Wir gingen gemeinsam in die Küche und setzten uns an den Tisch.

„Es lief anders als erwartet“, versuchte Lenni zu erklären.

Ich legte meine Hand auf seine Schulter und gab ihm so das Zeichen, den Versuch abzubrechen, weil ich wusste, dass Mutter Recht hatte. Wir hatten uns in etwas verrannt. Wir wollten einfach nicht einsehen, dass wir uns getäuscht hatten und hielten deswegen krampfhaft an unseren Theorien fest, bis wir schließlich in diese Schieflage geraten waren und nur noch nach Hause wollten.

„Ich war krank vor Sorge um euch.

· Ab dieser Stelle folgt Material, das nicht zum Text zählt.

lemma jacobi_theta_finite:
  fixes w c :: "'a::comm_ring_1" and n :: nat
  assumes c: "c * c = 1"
  defines "e \<equiv> 2 * (n * (n - 1) div 2 + n * (n - 1)) + n"
  shows "w ^ e * (\<Prod>j<n. 1 + c * w ^ (2 * j + 1)) ^ 2 =
    (\<Sum>k\<le>2 * n. c ^ (n + k) * qbinom (w^2) (2 * n) k * w ^ (e + theta_exponent n k))"
proof -
  let ?P = "\<Prod>j<n. 1 + c * w ^ (2 * j + 1)"
  have left: "(\<Prod>j<n. c + w * (w^2) ^ j) = c ^ n * ?P"
  proof -
    have "c + w * (w^2) ^ j = c * (1 + c * w ^ (2 * j + 1))" for j
      using c by (simp add: distrib_left power_mult flip: mult.assoc)
    then show ?thesis by (simp add: prod.distrib)
  qed
  have right: "(\<Prod>j<n. w + c * (w^2) ^ Suc j) = w ^ n * ?P"
  proof -
    have "w + c * (w^2) ^ Suc j = w * (1 + c * w ^ (2 * j + 1))" for j
      by (simp add: algebra_simps flip: power_mult power_Suc)
    then show ?thesis by (simp add: prod.distrib)
  qed
  have "c ^ n * (w ^ e * ?P ^ 2) =
      (w^2) ^ (n * (n - 1) div 2 + n * (n - 1)) * ((\<Prod>j<n. c + w * (w^2) ^ j) * (\<Prod>j<n. w + c * (w^2) ^ Suc j))"
  proof -
    have "w ^ e = (w^2) ^ (n * (n - 1) div 2 + n * (n - 1)) * w ^ n"
      unfolding e_def by (simp only: power_add power_mult)
    then show ?thesis
      unfolding left right power2_eq_square[of ?P] by (simp only: ac_simps)
  qed
  also have "\<dots> = (\<Sum>k\<le>2 * n. c ^ k * qbinom (w^2) (2 * n) k * w ^ (e + theta_exponent n k))"
    unfolding jacobi_triple_product_finite
  proof (rule sum.cong[OF refl])
    fix k assume "k \<in> {..2 * n}"
    then have k: "k \<le> 2 * n" by simp
    have "(w^2) ^ (k * (k - 1) div 2 + (n - 1) * (2 * n - k)) * w ^ (2 * n - k) =
        w ^ (2 * (k * (k - 1) div 2 + (n - 1) * (2 * n - k)) + (2 * n - k))"
      by (simp only: power_add power_mult)
    also have "\<dots> = w ^ (e + theta_exponent n k)"
      unfolding e_def theta_exponent_eq[OF k] ..
    finally have exponent: "(w^2) ^ (k * (k - 1) div 2 + (n - 1) * (2 * n - k)) * w ^ (2 * n - k) =
        w ^ (e + theta_exponent n k)" .
    show "qbinom (w^2) (2 * n) k * (w^2) ^ (k * (k - 1) div 2 + (n - 1) * (2 * n - k)) * c ^ k * w ^ (2 * n - k) =
        c ^ k * qbinom (w^2) (2 * n) k * w ^ (e + theta_exponent n k)"
      unfolding exponent[symmetric] by (simp only: ac_simps)
  qed
  finally have expansion: "c ^ n * (w ^ e * ?P ^ 2) =
      (\<Sum>k\<le>2 * n. c ^ k * qbinom (w^2) (2 * n) k * w ^ (e + theta_exponent n k))" .
  have "c ^ n * c ^ n = 1"
    using c by (simp flip: power_mult_distrib)
  then have "w ^ e * ?P ^ 2 = c ^ n * (c ^ n * (w ^ e * ?P ^ 2))"
    by (simp flip: mult.assoc)
  also have "\<dots> = (\<Sum>k\<le>2 * n. c ^ (n + k) * qbinom (w^2) (2 * n) k * w ^ (e + theta_exponent n k))"
    unfolding expansion sum_distrib_left by (simp add: power_add mult.assoc)
  finally show ?thesis .
qed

Vater habe ich auch schon ganz verrückt gemacht. Rückkehr 30.08. war doch fest abgemacht und als wir Tags zuvor telefonierten, habt ihr das auch nochmal bestätigt. Wo wart ihr die drei Tage noch?“, wollte Mutter wissen und versuchte dabei nicht vorwurfsvoll zu klingen.

Das gelang ihr aber nur bedingt, doch Lenni und ich hatten es auch nicht anders erwartet. Wir schauten uns fragend an und überlegten, ob wir ihr die Wahrheit erzählen sollten. Lenni war das Ergebnis eines One-Night-Stands, seine Mutter zog ihn alleine auf und seitdem sie gestorben war, verbrachte er ziemlich viel Zeit bei uns. Wir waren eine Art Ersatzfamilie für ihn geworden und ich sah ihn inzwischen mehr wie einen Bruder als nur einen Freund. Ich verstand mich so gut mit ihm, dass wir nur über Gestik und Mimik miteinander kommunizieren konnten und sein dezentes Kopfschütteln und der leicht beschämte Blick verrieten mir, dass er nicht wollte, dass wir Mutter ganz ehrlich alles erzählen. Zwar wäre ich spontan anderer Meinung gewesen, aber Lennis Zweifel brachten auch mich ins Grübeln und ich dachte, dass es vielleicht doch besser sei, Mutter vor der Wahrheit zu schützen.
Wir vermischten also ein paar Standartausreden mit den harmlosen Dingen, die uns wirklich widerfahren waren und schafften es so irgendwie eine halbwegs plausible Geschichte zusammenzubekommen. Meiner früheren Deutschlehrerin Frau Bieler, die ich während meiner Schulzeit nicht sonderlich mochte, dankte ich jetzt innerlich dafür, dass sie mich einfach in die Theater-AG steckte und mich dort immer wieder dazu brachte, mein Improvisationstalent zu trainieren. Und Lenni hatte sich in seiner Schulzeit so viele Ausreden fürs Zuspätkommen einfallen lassen müssen, dass ihm das Geschichtenerfinden jetzt nicht sonderlich schwerfiel.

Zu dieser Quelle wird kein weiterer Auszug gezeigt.